- **EXERCISE**
A single number is the expected answer: the count of lines in the listing that hold the word "auto".

- **DATA PROVIDED**

lemma distance_hereditaryI:
  assumes sym: "\<And>a b. E a b \<Longrightarrow> E b a" and irrefl: "\<And>a. \<not> E a a"
    and geo: "\<And>ps. induced_path E V ps \<Longrightarrow> geodesic E V ps"
  shows "distance_hereditary V E"
  unfolding distance_hereditary_def
proof (intro allI impI ballI)
  fix S u v assume S: "S \<subseteq> V" and "connected_in E S" and uv: "u \<in> S" "v \<in> S"
  then have "\<exists>n. walk E S u v n" unfolding connected_in_def walk_len_iff_walk by blast
  define n where "n = (LEAST n. walk E S u v n)"
  have wn: "walk E S u v n" unfolding n_def using \<open>\<exists>n. walk E S u v n\<close> by (rule LeastI_ex)
  then obtain ps where ps: "length ps = Suc n" "hd ps = u" "last ps = v" "walk_list E S ps"
    unfolding walk_len_iff_walk[symmetric] walk_len_iff_walk_list by blast
  moreover have "ps \<noteq> []" using ps(1) by auto
  ultimately have "ps ! 0 = u" "ps ! n = v" by (auto simp: hd_conv_nth last_conv_nth)
  moreover have "\<not> walk E S u v m" if "m < n" for m
    using not_less_Least[OF that[unfolded n_def]] n_def by simp
  ultimately have "induced_path E S ps"
    using shortest_walk_list_induced_path[OF sym irrefl ps(4,1)] by simp
  then have "induced_path E V ps" using S unfolding induced_path_def walk_list_def by blast
  then have "n \<le> m" if "walk E V u v m" for m
    using geo[OF \<open>induced_path E V ps\<close>] that ps(1-3) unfolding geodesic_def by auto
  then have "dist_in E V u v = n" using walk_mono[OF wn S] by (intro dist_in_eqI)
  moreover have "dist_in E S u v = n" unfolding dist_in_def walk_len_iff_walk n_def ..
  ultimately show "dist_in E S u v = dist_in E V u v" by simp
qed

section \<open>Maximal bicliques and the incidence graph\<close>

lemma Gamma_adj_iff:
  "Gamma_adj V I F u w \<longleftrightarrow>
     (\<exists>x i. (u = Inl x \<and> w = Inr i \<or> u = Inr i \<and> w = Inl x) \<and> x \<in> V \<and> i \<in> I \<and> x \<in> F i)"
  by (cases u; cases w) auto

- **SOLVED PROBLEM**
4